A OCUPAÇÃO DO MATO GROSSO

II.7. Contribuição das Viagens e Expedições Científicas à Identificação dos Kaiab

Além das viagens de exploração geográfica e de alguns relatos não científicos, são inexpressivas as contribuições no campo cultural nos primeiros século de colonização, como bem descreve Holanda (1993a). Os primeiros legados culturais, citando apenas alguns, e nas palavras deste autor, foram:

(...) os de La Condamine ao longo do rio Amazonas, os relatos de Hans Staden, as obras dos missionários franceses Thevet e Lery, de Anchieta, de Magalhães Gandavo, de Gabriel Soares de Sousa, de Ambrósio Brandão, de Fernão Cardim, de Claude d´Aubeville e Ives d´Evreux, do Frei Cristovão de Lisboa (p.161-174).

No século XVII, durante as invasões holandesas (1637-1644), há um curto período em que se desenvolvem estudos de natureza científica incentivados por Maurício de Nassau, circunscritos à região de domínio holandês. Da missão científica que chegou ao Brasil em 1637, Holanda destaca os estudos de João de Laet, Willem Pies, Geoger Marcgrav e de Piso sobre a nosologia brasileira, sobretudo a História

Naturalis Brasiliae (1648) deste último, considerada o marco inicial do estudo científico das plantas, dos animais, da geografia e dos índios da região ocupada pelos holandeses, além de outras obras sobre observações astronômicas, cujo destino é ignorado (id. ibidem, p. 161-174).
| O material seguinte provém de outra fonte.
(* Let $n\ge3$, $K\ge1$, and $\underline a=(a_1,\dots,a_K)\in(\mathbb{C}^\times)^K$ with $a_k\neq a_j^{\pm1}$ for all $k\neq j$. If $a_1=1$ and $a_k\neq-1$ for every $k\ge2$, then the image of $\psi_{\underline a}$ is isomorphic to the direct sum of one copy of $sp_{2n}$ and $K-1$ copies of $sl_{2n}$.
   Context: For $n\geq 3$, $M_n=(m_{i,j})$ is the $n\times n$ integer matrix with $m_{i,i}=2$, $m_{i,i+1}=m_{i+1,i}=-1$ ($1\le i\le n-1$), $m_{1,n}=m_{n,1}=1$, all other entries $0$. $\mathrm{gim}(M_n)$ is the complex Lie algebra generated by $e_i,f_i,h_i$ ($1\le i\le n$) with relations: (R1) $[h_i,e_j]=m_{i,j}e_j$, $[h_i,f_j]=-m_{i,j}f_j$, $[e_i,f_i]=h_i$ for all $i,j$; (R2) for $i\ne j$ with $m_{i,j}\le0$: $[e_i,f_j]=0=[f_i,e_j]$, $(\mathrm{ad}\,e_i)^{1-m_{i,j}}e_j=0=(\mathrm{ad}\,f_i)^{1-m_{i,j}}f_j$; (R3) for $i\ne j$ with $m_{i,j}>0$: $[e_i,e_j]=0=[f_i,f_j]$, $(\mathrm{ad}\,e_i)^{m_{i,j}+1}f_j=0=(\mathrm{ad}\,f_i)^{m_{i,j}+1}e_j$. For $a\in\mathbb{C}^\times$, $\psi_a:\mathrm{gim}(M_n)\to sl_{2n}$ is the Lie algebra homomorphism determined by $\psi_a(e_i)=E_{i,i+1}-E_{n+i+1,n+i}$, $\psi_a(f_i)=E_{i+1,i}-E_{n+i,n+i+1}$ ($1\le i\le n-1$), $\psi_a(e_n)=E_{n,n+1}+a^{-1}E_{1,2n}$, $\psi_a(f_n)=E_{n+1,n}+aE_{2n,1}$, where $E_{i,j}$ are matrix units. For $\underline a=(a_1,\dots,a_K)$, $\psi_{\underline a}=\bigoplus_{k=1}^K\psi_{a_k}:\mathrm{gim}(M_n)\to sl_{2n}^{\oplus K}$, $x\mapsto(\psi_{a_1}(x),\dots,\psi_{a_K}(x))$. *)

theory Defs
  imports Complex_Main
begin

text \<open>Complex matrices with 1-based indices; an n x n matrix is a function
  nat => nat => complex vanishing outside {1..n} x {1..n}.
  An element of a K-fold direct sum of matrix algebras is a function
  nat => (nat => nat => complex), indexed by k in {1..K}, zero outside.\<close>

type_synonym cmat = "nat \<Rightarrow> nat \<Rightarrow> complex"
type_synonym cmats = "nat \<Rightarrow> cmat"

definition Eu :: "nat \<Rightarrow> nat \<Rightarrow> cmat" where
  "Eu p q = (\<lambda>i j. if i = p \<and> j = q then 1 else 0)"

definition madd :: "cmat \<Rightarrow> cmat \<Rightarrow> cmat" where
  "madd X Y = (\<lambda>i j. X i j + Y i j)"

definition mscal :: "complex \<Rightarrow> cmat \<Rightarrow> cmat" where
  "mscal c X = (\<lambda>i j. c * X i j)"

text \<open>The images of the Chevalley generators under psi_a (in sl_{2n}).\<close>
definition psi_e :: "nat \<Rightarrow> complex \<Rightarrow> nat \<Rightarrow> cmat" where
  "psi_e n a i = (if i < n then madd (Eu i (i+1)) (mscal (-1) (Eu (n+i+1) (n+i)))
                 else madd (Eu n (n+1)) (mscal (inverse a) (Eu 1 (2*n))))"

definition psi_f :: "nat \<Rightarrow> complex \<Rightarrow> nat \<Rightarrow> cmat" where
  "psi_f n a i = (if i < n then madd (Eu (i+1) i) (mscal (-1) (Eu (n+i) (n+i+1)))
                 else madd (Eu (n+1) n) (mscal a (Eu (2*n) 1)))"

definition psiv_e :: "nat \<Rightarrow> nat \<Rightarrow> (nat \<Rightarrow> complex) \<Rightarrow> nat \<Rightarrow> cmats" where
  "psiv_e n K a i = (\<lambda>k. if 1 \<le> k \<and> k \<le> K then psi_e n (a k) i else (\<lambda>_ _. 0))"

definition psiv_f :: "nat \<Rightarrow> nat \<Rightarrow> (nat \<Rightarrow> complex) \<Rightarrow> nat \<Rightarrow> cmats" where
  "psiv_f n K a i = (\<lambda>k. if 1 \<le> k \<and> k \<le> K then psi_f n (a k) i else (\<lambda>_ _. 0))"

definition vadd :: "cmats \<Rightarrow> cmats \<Rightarrow> cmats" where
  "vadd X Y = (\<lambda>k i j. X k i j + Y k i j)"

definition vscal :: "complex \<Rightarrow> cmats \<Rightarrow> cmats" where
  "vscal c X = (\<lambda>k i j. c * X k i j)"

definition vbr :: "nat \<Rightarrow> cmats \<Rightarrow> cmats \<Rightarrow> cmats" where
  "vbr N X Y = (\<lambda>k i j. (\<Sum>l\<in>{1..N}. X k i l * Y k l j - Y k i l * X k l j))"

inductive_set lie_gen :: "nat \<Rightarrow> cmats set \<Rightarrow> cmats set" for N G where
  gen: "x \<in> G \<Longrightarrow> x \<in> lie_gen N G"
| zero: "(\<lambda>k i j. 0) \<in> lie_gen N G"
| add: "x \<in> lie_gen N G \<Longrightarrow> y \<in> lie_gen N G \<Longrightarrow> vadd x y \<in> lie_gen N G"
| scal: "x \<in> lie_gen N G \<Longrightarrow> vscal c x \<in> lie_gen N G"
| br: "x \<in> lie_gen N G \<Longrightarrow> y \<in> lie_gen N G \<Longrightarrow> vbr N x y \<in> lie_gen N G"

text \<open>Image of psi_{a}: since gim(M_n) is generated by the e_i, f_i, h_i
  (with h_i = [e_i,f_i]) and psi_{a} is a Lie algebra homomorphism, its image is
  the Lie subalgebra generated by the images of the generators.\<close>
definition psi_image :: "nat \<Rightarrow> nat \<Rightarrow> (nat \<Rightarrow> complex) \<Rightarrow> cmats set" where
  "psi_image n K a = lie_gen (2*n)
     (\<Union>i\<in>{1..n}. {psiv_e n K a i, psiv_f n K a i,
                   vbr (2*n) (psiv_e n K a i) (psiv_f n K a i)})"

definition supp_ok :: "nat \<Rightarrow> cmat \<Rightarrow> bool" where
  "supp_ok N X = (\<forall>i j. (i \<notin> {1..N} \<or> j \<notin> {1..N}) \<longrightarrow> X i j = 0)"

definition is_sl :: "nat \<Rightarrow> cmat \<Rightarrow> bool" where
  "is_sl N X = (supp_ok N X \<and> (\<Sum>i\<in>{1..N}. X i i) = 0)"

definition Jsym :: "nat \<Rightarrow> cmat" where
  "Jsym n = (\<lambda>i j. if 1 \<le> i \<and> i \<le> n \<and> j = i + n then 1
                  else if n < i \<and> i \<le> 2*n \<and> i = j + n then -1 else 0)"

definition is_sp :: "nat \<Rightarrow> cmat \<Rightarrow> bool" where
  "is_sp n X = (supp_ok (2*n) X \<and>
     (\<forall>i\<in>{1..2*n}. \<forall>j\<in>{1..2*n}.
        (\<Sum>l\<in>{1..2*n}. X l i * Jsym n l j + Jsym n i l * X l j) = 0))"

definition sp_sl_sum :: "nat \<Rightarrow> nat \<Rightarrow> cmats set" where
  "sp_sl_sum n K = {X. (\<forall>k. k \<notin> {1..K} \<longrightarrow> X k = (\<lambda>_ _. 0)) \<and> is_sp n (X 1) \<and>
                       (\<forall>k\<in>{2..K}. is_sl (2*n) (X k))}"

definition lie_iso :: "nat \<Rightarrow> cmats set \<Rightarrow> cmats set \<Rightarrow> (cmats \<Rightarrow> cmats) \<Rightarrow> bool" where
  "lie_iso N S T f = (bij_betw f S T \<and>
     (\<forall>x\<in>S. \<forall>y\<in>S. f (vadd x y) = vadd (f x) (f y) \<and> f (vbr N x y) = vbr N (f x) (f y)) \<and>
     (\<forall>c. \<forall>x\<in>S. f (vscal c x) = vscal c (f x)))"

end

theory Submission
  imports Defs
begin

text \<open>
  The generators lie in sp(2n) + sl(2n)^(K-1), hence so does the image; the work is the
  converse inclusion, one component at a time.

  For i < n the generators equal E(i,i+1) - E(n+i+1,n+i) in every component, so the image
  contains the diagonal copy of gl(n), embedded as X \<mapsto> diag(X, -X^T).  Bracketing it
  with e_n and f_n gives in component k the element l_k (E(1,1) - E(n+1,n+1)) with
  l_k = -(2 + a_k + 1/a_k), and the l_k are pairwise distinct because a_k \<noteq> a_j^(+-1).
  A Lagrange interpolation polynomial in the adjoint action of this element therefore
  isolates E(1,2) - E(n+2,n+1) in a single component, and from there the diagonal gl(n)
  spreads it over the whole embedded gl(n) of that component.  One more bracket with
  e_n, f_n gives the symmetric off-diagonal blocks of sp(2n) when a_k = 1, and when
  a_k \<noteq> +-1 the matrix unit E(2,n+1) with coefficient 1 - a_k^(-2), which generates
  all of sl(2n).  So the image equals sp(2n) + sl(2n)^(K-1) and the identity is the
  required isomorphism.
\<close>

definition mbr :: "nat \<Rightarrow> cmat \<Rightarrow> cmat \<Rightarrow> cmat" where
  "mbr N X Y = (\<lambda>i j. (\<Sum>l\<in>{1..N}. X i l * Y l j - Y i l * X l j))"

definition mzero :: cmat where "mzero = (\<lambda>_ _. 0)"

definition msum :: "('b \<Rightarrow> cmat) \<Rightarrow> 'b set \<Rightarrow> cmat" where
  "msum F A = (\<lambda>i j. \<Sum>x\<in>A. F x i j)"

lemma vbr_apply: "vbr N X Y k = mbr N (X k) (Y k)"
  by (simp add: vbr_def mbr_def)

lemma vadd_apply: "vadd X Y k = madd (X k) (Y k)"
  by (simp add: vadd_def madd_def)

lemma vscal_apply: "vscal c X k = mscal c (X k)"
  by (simp add: vscal_def mscal_def)

lemma mscal_mzero [simp]: "mscal c mzero = mzero"
  by (simp add: mscal_def mzero_def)

lemma madd_mzero_right [simp]: "madd X mzero = X"
  by (simp add: madd_def mzero_def)

lemma madd_mzero_left [simp]: "madd mzero X = X"
  by (simp add: madd_def mzero_def)

lemma mbr_Eu_left:
  assumes "p \<in> {1..N}" "q \<in> {1..N}"
  shows "mbr N (Eu p q) Y = (\<lambda>i j. (if i = p then Y q j else 0) - (if j = q then Y i p else 0))"
proof (intro ext)
  fix i j
  have "(\<Sum>l\<in>{1..N}. Eu p q i l * Y l j - Y i l * Eu p q l j)
     = (\<Sum>l\<in>{1..N}. (if l = q then (if i = p then Y q j else 0) else 0)) -
       (\<Sum>l\<in>{1..N}. (if l = p then (if j = q then Y i p else 0) else 0))"
    unfolding sum_subtractf[symmetric] by (rule sum.cong) (auto simp: Eu_def)
  also have "\<dots> = (if i = p then Y q j else 0) - (if j = q then Y i p else 0)"
    using assms by (simp add: sum.delta)
  finally show "mbr N (Eu p q) Y i j = (if i = p then Y q j else 0) - (if j = q then Y i p else 0)"
    by (simp add: mbr_def)
qed

lemma mbr_antisym: "mbr N Y X = mscal (-1) (mbr N X Y)"
  unfolding mbr_def mscal_def by (intro ext) (simp add: sum_negf[symmetric])

lemma mbr_Eu_right:
  assumes "p \<in> {1..N}" "q \<in> {1..N}"
  shows "mbr N X (Eu p q) = (\<lambda>i j. (if j = q then X i p else 0) - (if i = p then X q j else 0))"
  by (subst mbr_antisym) (auto simp: mbr_Eu_left[OF assms] mscal_def)

lemma mbr_madd_left: "mbr N (madd X Y) Z = madd (mbr N X Z) (mbr N Y Z)"
  by (auto simp: mbr_def madd_def sum.distrib[symmetric] algebra_simps intro!: ext sum.cong)

lemma mbr_mscal_left: "mbr N (mscal c X) Z = mscal c (mbr N X Z)"
  by (auto simp: mbr_def mscal_def sum_distrib_left algebra_simps intro!: ext sum.cong)

lemma mbr_mscal_right: "mbr N Z (mscal c X) = mscal c (mbr N Z X)"
  by (auto simp: mbr_def mscal_def sum_distrib_left algebra_simps intro!: ext sum.cong)

lemma mbr_zero_left: "mbr N mzero X = mzero"
  by (simp add: mbr_def mzero_def)

lemma mbr_Eu_Eu:
  assumes "p \<in> {1..N}" "q \<in> {1..N}" "r \<in> {1..N}" "s \<in> {1..N}"
  shows "mbr N (Eu p q) (Eu r s) =
    madd (if q = r then Eu p s else mzero) (mscal (-1) (if s = p then Eu r q else mzero))"
  using assms unfolding mbr_Eu_left[OF assms(1,2)]
  by (intro ext) (simp add: Eu_def madd_def mscal_def mzero_def)

lemma sum_Eu_entries:
  assumes "finite A"
  shows "(\<Sum>x\<in>A. c x * Eu (fst x) (snd x) i j) = (if (i, j) \<in> A then c (i, j) else 0)"
proof -
  have "(\<Sum>x\<in>A. c x * Eu (fst x) (snd x) i j) = (\<Sum>x\<in>A. if x = (i, j) then c (i, j) else 0)"
    by (rule sum.cong) (auto simp: Eu_def)
  then show ?thesis using assms by (simp add: sum.delta')
qed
Em fins do século XVIII, com a reforma da Universidade de Coimbra (1772), realizada no governo de Pombal, e a ida de numerosos brasileiros para cursá-la, a atmosfera cultural começa a mudar, embora vigore ainda a proibição imposta ao Brasil de possuir imprensa própria (id. ibidem).

Nesse período se dá incentivo à formação científica e realização de numerosos trabalhos, entre os quais os do baiano Alexandre Rodrigues Ferreira, autor da Viagem

Filosófica, encarregado da Coroa de investigar as riquezas naturais da Colônia. Após longa viagem pela Amazônia, onde explora a bacia do rio Negro e do Madeira, Rodrigues chega ao Mato Grosso em 1789, sendo alvo de destaque nos relatos de Barbosa de Sá e Augusto Leverger. Participa de expedições destinadas a subsidiar os trabalhos de demarcação de fronteiras, explorando os rios Guaporé, Cuiabá, São Lourenço e Paraguai. Descreve minuciosamente a flora, a fauna e as populações indígenas das regiões por onde passou (id. ibidem, p.161-174). Mas, não identifica os Kaiabi, ao menos sob esta denominação.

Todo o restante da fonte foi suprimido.